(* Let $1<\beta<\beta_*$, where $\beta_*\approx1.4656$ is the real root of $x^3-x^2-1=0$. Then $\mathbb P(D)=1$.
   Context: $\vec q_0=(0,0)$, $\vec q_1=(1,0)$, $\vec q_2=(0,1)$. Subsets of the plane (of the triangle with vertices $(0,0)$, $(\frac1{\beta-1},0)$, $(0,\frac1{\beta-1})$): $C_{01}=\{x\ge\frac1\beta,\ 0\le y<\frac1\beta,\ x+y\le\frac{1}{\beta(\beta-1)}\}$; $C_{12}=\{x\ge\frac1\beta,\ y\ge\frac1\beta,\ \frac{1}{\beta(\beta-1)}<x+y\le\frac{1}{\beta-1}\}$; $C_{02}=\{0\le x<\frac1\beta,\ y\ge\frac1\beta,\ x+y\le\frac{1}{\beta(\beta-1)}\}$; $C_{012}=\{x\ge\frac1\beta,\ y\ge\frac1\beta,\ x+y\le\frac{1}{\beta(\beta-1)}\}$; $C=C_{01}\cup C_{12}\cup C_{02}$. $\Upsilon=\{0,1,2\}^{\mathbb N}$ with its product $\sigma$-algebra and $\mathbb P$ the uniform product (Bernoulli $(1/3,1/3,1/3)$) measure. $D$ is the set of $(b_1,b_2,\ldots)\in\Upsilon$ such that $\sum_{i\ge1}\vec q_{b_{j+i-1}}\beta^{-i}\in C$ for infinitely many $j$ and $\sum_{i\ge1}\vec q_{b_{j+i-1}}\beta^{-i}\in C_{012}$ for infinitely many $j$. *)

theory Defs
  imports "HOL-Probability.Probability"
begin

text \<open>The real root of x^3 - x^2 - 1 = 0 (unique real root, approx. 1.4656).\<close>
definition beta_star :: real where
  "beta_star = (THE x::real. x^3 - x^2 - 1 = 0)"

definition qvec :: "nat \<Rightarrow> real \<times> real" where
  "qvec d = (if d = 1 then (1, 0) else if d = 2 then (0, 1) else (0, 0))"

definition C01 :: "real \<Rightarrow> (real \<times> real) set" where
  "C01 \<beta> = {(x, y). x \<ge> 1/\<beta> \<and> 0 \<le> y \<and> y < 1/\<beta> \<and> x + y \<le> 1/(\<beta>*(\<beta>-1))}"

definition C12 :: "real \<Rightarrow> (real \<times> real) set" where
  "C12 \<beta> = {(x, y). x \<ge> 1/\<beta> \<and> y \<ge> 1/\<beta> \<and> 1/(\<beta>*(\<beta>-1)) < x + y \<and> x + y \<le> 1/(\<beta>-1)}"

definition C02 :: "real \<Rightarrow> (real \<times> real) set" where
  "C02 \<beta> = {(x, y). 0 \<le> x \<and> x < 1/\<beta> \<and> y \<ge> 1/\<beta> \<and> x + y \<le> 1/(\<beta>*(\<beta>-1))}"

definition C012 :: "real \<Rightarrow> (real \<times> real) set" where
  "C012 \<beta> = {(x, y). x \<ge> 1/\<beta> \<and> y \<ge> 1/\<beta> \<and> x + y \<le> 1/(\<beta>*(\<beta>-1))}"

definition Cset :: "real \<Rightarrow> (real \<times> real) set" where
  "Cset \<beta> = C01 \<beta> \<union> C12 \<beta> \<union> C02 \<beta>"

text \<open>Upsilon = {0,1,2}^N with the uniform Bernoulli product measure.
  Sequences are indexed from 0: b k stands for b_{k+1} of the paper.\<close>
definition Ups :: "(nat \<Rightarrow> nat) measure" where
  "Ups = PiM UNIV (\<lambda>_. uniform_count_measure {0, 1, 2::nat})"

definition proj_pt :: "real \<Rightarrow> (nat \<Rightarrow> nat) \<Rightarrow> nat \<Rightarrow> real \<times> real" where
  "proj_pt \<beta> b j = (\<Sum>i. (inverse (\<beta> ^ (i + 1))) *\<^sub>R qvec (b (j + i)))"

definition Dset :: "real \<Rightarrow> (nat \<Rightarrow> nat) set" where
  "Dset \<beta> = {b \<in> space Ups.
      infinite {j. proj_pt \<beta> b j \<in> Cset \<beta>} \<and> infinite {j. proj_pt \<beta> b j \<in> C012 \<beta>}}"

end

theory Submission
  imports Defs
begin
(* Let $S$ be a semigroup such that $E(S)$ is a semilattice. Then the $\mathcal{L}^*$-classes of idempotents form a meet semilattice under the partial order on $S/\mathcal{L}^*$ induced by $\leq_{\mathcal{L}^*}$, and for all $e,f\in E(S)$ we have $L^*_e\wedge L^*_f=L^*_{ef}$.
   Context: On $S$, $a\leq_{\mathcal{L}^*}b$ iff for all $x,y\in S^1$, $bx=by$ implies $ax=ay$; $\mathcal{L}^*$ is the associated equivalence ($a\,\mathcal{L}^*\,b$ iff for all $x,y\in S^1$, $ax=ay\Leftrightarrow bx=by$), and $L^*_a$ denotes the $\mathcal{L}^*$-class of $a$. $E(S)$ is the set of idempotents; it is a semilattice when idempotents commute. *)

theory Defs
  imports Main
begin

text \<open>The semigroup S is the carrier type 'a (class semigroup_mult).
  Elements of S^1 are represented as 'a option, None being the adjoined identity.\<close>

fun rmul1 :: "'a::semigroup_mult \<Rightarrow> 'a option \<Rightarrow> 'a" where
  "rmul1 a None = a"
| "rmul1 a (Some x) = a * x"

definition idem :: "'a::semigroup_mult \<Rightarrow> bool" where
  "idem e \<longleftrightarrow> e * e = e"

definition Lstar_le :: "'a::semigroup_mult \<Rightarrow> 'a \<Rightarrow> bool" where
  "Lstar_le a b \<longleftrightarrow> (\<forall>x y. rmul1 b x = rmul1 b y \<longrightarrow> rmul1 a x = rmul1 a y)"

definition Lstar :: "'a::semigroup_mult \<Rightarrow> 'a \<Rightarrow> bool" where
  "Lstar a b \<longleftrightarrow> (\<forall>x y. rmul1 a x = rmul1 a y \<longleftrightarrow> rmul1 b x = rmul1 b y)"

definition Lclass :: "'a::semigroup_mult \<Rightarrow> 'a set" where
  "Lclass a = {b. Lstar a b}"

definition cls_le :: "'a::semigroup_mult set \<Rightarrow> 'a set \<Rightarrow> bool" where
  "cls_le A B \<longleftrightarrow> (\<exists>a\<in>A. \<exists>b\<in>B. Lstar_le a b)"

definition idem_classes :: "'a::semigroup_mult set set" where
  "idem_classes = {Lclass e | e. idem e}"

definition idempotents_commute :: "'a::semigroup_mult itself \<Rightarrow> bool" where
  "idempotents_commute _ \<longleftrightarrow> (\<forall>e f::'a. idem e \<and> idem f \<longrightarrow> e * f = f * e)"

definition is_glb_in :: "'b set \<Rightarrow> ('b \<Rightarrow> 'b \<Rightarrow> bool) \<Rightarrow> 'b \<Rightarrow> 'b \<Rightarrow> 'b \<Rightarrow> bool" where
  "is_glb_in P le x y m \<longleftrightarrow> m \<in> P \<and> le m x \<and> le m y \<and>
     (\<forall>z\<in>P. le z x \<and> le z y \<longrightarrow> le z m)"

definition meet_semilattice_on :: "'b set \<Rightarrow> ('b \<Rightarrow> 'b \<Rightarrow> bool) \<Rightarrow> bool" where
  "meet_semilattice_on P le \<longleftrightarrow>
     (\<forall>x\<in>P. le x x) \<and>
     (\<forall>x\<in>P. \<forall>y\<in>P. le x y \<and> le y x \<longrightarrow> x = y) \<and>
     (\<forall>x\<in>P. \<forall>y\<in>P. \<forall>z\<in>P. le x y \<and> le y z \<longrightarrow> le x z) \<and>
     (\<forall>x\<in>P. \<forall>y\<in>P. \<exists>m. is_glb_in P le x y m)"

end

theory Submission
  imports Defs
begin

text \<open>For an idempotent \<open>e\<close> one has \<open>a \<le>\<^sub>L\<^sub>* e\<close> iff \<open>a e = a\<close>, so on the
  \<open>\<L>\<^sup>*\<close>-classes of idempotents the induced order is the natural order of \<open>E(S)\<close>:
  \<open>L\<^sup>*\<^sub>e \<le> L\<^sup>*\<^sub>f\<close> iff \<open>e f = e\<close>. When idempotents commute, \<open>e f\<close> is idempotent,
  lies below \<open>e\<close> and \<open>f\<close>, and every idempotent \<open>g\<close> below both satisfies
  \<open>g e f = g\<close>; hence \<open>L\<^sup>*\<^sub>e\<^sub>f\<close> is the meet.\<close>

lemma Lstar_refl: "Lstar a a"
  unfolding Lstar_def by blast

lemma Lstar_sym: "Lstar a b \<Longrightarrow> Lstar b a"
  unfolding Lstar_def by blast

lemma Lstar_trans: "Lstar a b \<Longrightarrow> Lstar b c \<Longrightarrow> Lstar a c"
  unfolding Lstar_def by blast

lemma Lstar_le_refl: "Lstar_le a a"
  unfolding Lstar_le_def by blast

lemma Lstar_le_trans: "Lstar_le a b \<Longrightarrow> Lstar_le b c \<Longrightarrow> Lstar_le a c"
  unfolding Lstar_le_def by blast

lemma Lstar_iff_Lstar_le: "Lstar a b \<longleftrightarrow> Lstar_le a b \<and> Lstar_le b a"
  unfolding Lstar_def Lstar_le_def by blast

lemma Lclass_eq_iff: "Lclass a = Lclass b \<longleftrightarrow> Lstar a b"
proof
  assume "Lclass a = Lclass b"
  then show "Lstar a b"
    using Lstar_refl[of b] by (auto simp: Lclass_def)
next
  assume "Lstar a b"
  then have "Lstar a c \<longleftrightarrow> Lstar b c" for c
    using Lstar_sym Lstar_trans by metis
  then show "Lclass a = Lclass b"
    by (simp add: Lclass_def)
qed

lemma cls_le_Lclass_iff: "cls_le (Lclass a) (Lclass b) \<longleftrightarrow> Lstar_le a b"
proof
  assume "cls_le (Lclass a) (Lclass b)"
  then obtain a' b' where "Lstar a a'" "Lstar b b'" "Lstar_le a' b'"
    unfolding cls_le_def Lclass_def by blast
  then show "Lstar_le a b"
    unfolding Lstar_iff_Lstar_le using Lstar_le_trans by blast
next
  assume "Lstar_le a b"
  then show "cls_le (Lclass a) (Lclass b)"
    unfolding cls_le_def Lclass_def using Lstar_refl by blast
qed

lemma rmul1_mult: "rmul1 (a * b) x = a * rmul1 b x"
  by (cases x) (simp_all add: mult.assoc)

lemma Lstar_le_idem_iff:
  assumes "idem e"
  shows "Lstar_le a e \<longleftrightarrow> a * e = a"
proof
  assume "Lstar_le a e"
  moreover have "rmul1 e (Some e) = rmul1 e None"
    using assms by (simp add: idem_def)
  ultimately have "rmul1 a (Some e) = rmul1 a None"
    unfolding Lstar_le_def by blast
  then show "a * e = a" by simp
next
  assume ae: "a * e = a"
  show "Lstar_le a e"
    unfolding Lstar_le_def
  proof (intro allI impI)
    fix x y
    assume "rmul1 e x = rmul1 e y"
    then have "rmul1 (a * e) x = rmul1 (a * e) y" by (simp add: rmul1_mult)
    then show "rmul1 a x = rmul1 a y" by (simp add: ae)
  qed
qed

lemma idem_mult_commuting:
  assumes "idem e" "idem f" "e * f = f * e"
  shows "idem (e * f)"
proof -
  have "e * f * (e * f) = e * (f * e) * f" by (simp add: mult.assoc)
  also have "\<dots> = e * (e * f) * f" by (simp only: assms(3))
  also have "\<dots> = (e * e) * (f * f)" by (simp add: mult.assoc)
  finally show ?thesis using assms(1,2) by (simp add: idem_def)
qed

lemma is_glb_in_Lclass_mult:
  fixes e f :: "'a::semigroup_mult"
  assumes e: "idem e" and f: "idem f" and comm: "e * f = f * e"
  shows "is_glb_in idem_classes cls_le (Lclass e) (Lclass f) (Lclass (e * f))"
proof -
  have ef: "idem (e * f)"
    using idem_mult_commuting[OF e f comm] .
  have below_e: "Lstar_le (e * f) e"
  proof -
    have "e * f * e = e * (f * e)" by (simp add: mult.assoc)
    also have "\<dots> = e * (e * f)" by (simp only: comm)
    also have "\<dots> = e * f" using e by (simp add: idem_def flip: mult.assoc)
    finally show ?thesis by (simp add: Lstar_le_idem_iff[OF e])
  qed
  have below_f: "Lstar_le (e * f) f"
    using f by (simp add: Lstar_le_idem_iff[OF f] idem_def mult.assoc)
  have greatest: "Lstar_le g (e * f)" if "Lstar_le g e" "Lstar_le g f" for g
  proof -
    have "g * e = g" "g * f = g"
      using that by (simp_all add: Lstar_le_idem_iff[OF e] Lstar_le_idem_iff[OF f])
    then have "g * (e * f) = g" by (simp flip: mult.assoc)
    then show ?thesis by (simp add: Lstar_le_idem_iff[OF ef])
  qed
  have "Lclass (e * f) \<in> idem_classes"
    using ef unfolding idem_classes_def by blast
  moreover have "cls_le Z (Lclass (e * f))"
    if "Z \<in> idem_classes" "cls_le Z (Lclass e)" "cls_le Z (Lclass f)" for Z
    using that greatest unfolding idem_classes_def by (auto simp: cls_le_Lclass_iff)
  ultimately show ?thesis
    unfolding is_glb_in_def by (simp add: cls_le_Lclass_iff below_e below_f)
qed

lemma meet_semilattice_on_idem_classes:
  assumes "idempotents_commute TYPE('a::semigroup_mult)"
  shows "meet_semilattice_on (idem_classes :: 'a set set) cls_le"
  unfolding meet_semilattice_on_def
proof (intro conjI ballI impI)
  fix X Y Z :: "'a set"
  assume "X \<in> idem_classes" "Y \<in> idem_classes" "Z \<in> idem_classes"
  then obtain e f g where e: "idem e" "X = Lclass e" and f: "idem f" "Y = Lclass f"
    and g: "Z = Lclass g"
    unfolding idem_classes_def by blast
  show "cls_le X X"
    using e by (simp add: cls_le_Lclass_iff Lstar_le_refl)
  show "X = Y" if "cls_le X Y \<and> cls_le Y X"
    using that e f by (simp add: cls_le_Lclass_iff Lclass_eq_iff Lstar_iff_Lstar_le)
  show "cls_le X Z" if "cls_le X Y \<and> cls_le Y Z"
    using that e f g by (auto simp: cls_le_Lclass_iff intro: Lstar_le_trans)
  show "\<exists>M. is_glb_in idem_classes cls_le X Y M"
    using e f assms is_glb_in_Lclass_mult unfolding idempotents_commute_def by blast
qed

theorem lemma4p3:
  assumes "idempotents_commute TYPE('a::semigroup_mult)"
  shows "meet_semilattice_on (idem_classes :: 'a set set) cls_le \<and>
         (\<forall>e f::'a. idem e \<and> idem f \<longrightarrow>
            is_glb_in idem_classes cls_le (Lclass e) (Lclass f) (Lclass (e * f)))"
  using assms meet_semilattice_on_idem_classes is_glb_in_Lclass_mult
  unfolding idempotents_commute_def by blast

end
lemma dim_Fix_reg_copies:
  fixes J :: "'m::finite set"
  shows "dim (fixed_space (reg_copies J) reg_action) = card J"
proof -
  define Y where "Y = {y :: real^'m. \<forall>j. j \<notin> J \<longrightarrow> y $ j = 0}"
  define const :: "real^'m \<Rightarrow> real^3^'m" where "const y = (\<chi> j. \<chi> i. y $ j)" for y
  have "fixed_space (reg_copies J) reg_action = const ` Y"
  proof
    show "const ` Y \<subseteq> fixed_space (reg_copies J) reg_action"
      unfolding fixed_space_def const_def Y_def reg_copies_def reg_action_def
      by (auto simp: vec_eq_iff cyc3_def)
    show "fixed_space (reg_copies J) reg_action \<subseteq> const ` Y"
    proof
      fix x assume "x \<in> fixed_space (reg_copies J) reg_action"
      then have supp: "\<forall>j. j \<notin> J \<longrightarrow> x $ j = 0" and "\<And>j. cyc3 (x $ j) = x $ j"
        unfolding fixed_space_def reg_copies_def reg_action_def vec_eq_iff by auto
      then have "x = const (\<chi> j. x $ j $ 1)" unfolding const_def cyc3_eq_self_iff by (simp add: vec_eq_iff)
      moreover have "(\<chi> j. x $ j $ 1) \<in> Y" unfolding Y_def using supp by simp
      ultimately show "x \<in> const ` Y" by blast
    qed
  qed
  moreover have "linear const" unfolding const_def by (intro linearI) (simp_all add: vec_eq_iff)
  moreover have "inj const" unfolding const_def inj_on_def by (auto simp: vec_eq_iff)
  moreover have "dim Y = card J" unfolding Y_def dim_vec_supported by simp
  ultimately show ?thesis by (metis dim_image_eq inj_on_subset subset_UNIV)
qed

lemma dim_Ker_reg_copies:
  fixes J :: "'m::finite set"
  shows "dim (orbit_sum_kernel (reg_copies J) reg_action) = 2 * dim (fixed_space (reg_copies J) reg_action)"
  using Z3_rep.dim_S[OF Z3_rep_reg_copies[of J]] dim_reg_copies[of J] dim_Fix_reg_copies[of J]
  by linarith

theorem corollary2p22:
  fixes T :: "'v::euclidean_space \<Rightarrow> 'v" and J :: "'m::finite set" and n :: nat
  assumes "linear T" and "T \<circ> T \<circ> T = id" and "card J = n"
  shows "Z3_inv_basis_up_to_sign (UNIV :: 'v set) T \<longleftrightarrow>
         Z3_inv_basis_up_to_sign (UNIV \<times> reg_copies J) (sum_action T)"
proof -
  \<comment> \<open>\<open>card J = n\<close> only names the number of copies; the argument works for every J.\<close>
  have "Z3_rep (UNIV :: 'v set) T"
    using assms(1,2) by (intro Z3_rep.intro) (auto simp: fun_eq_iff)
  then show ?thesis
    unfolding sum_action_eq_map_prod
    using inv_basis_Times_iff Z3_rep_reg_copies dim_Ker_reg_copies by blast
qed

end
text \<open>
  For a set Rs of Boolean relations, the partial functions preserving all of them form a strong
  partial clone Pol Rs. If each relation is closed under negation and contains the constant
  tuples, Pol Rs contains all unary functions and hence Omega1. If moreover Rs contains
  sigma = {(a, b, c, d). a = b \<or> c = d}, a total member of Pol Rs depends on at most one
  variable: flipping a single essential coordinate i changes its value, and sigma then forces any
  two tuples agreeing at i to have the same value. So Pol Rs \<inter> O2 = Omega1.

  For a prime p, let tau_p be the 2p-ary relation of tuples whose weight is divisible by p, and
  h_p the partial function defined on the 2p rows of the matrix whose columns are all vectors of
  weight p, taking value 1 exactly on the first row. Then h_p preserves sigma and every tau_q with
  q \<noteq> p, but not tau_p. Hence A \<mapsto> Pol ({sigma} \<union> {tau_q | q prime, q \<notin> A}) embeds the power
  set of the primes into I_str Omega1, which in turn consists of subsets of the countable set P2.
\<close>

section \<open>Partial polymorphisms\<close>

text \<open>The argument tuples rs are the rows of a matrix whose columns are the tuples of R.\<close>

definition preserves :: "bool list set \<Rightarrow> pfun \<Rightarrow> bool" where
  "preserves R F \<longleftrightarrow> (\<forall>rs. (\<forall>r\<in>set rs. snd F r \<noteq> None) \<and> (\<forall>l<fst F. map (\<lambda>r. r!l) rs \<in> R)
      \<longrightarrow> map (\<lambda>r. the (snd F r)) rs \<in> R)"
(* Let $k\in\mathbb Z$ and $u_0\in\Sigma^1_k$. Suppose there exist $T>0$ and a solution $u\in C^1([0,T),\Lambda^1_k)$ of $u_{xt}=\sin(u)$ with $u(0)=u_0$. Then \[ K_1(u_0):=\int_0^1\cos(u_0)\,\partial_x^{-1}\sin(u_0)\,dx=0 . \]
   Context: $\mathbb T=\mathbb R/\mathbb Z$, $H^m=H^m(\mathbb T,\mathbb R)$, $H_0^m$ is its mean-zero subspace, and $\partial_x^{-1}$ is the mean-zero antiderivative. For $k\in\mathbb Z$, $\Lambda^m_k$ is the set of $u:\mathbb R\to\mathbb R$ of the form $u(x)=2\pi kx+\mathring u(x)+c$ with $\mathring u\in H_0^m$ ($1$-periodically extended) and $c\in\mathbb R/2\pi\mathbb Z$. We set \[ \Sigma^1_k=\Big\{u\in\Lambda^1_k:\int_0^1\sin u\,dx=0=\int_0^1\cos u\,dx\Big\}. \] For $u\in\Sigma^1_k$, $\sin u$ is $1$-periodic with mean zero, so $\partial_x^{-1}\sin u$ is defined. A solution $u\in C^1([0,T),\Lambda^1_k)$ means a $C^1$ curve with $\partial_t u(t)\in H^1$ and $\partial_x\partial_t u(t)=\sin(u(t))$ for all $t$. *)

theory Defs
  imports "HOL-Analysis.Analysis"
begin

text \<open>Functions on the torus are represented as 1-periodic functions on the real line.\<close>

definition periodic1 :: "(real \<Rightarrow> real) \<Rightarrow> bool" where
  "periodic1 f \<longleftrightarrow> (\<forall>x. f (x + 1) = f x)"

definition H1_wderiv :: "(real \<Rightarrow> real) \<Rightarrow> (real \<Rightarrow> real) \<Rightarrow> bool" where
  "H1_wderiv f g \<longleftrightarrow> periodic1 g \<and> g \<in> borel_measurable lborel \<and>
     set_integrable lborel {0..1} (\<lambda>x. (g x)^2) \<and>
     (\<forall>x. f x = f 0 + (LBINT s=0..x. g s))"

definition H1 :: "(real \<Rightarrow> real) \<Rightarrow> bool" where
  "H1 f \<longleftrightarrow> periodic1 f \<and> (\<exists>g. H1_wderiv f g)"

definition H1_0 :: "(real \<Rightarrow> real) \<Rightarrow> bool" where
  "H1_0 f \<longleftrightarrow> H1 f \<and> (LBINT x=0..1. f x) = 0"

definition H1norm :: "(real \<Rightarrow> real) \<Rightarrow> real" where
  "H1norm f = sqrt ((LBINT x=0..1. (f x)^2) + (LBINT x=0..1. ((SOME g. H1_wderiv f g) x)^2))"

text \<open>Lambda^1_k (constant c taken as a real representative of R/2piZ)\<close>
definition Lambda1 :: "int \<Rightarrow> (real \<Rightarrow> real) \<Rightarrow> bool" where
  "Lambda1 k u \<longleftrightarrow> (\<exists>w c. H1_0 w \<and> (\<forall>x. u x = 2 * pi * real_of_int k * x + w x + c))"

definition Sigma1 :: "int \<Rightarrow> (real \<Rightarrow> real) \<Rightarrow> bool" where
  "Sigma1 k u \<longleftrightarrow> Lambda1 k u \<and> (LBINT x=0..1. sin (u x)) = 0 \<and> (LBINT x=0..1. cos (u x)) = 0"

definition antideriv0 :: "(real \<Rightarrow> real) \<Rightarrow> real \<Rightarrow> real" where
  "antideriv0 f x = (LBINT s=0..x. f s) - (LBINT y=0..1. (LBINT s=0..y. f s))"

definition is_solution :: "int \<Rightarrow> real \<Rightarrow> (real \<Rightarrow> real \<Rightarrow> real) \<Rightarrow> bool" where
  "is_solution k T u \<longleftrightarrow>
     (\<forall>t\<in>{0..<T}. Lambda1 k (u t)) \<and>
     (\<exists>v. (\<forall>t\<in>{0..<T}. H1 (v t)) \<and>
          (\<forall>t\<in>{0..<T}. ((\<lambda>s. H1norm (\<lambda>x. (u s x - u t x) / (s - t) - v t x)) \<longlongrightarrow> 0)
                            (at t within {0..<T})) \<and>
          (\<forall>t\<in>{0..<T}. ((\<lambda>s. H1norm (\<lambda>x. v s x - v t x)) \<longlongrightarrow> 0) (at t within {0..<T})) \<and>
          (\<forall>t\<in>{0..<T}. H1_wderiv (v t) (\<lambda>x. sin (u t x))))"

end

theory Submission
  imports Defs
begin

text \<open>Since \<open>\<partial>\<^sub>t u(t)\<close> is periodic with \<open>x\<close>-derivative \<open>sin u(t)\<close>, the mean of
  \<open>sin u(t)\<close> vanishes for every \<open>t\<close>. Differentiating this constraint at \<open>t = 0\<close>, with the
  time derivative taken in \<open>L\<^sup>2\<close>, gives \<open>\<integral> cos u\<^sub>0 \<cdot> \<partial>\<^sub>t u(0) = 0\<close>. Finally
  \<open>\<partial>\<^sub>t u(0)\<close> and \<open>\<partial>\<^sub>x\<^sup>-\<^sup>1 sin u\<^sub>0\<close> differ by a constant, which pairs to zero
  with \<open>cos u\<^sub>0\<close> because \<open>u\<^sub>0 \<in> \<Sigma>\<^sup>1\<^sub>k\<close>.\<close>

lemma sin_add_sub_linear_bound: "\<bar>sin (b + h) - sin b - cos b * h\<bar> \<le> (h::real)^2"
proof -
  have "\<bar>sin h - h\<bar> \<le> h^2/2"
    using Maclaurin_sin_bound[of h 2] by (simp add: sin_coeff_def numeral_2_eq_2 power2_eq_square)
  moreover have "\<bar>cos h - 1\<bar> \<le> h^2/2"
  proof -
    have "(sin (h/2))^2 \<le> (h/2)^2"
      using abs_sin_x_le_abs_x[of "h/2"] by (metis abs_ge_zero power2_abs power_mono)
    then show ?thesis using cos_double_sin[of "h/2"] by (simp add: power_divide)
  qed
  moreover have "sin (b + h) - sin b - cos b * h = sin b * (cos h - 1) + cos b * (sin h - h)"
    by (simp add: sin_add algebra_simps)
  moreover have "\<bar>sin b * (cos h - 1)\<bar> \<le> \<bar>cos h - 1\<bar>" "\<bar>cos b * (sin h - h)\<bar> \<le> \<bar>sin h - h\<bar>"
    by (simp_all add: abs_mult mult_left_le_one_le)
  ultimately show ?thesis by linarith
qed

++++++++++

▶ Assignment:
Looking only at the data above, say how many of its lines contain the string "Dset", and nothing more.

▶ The completed task:
2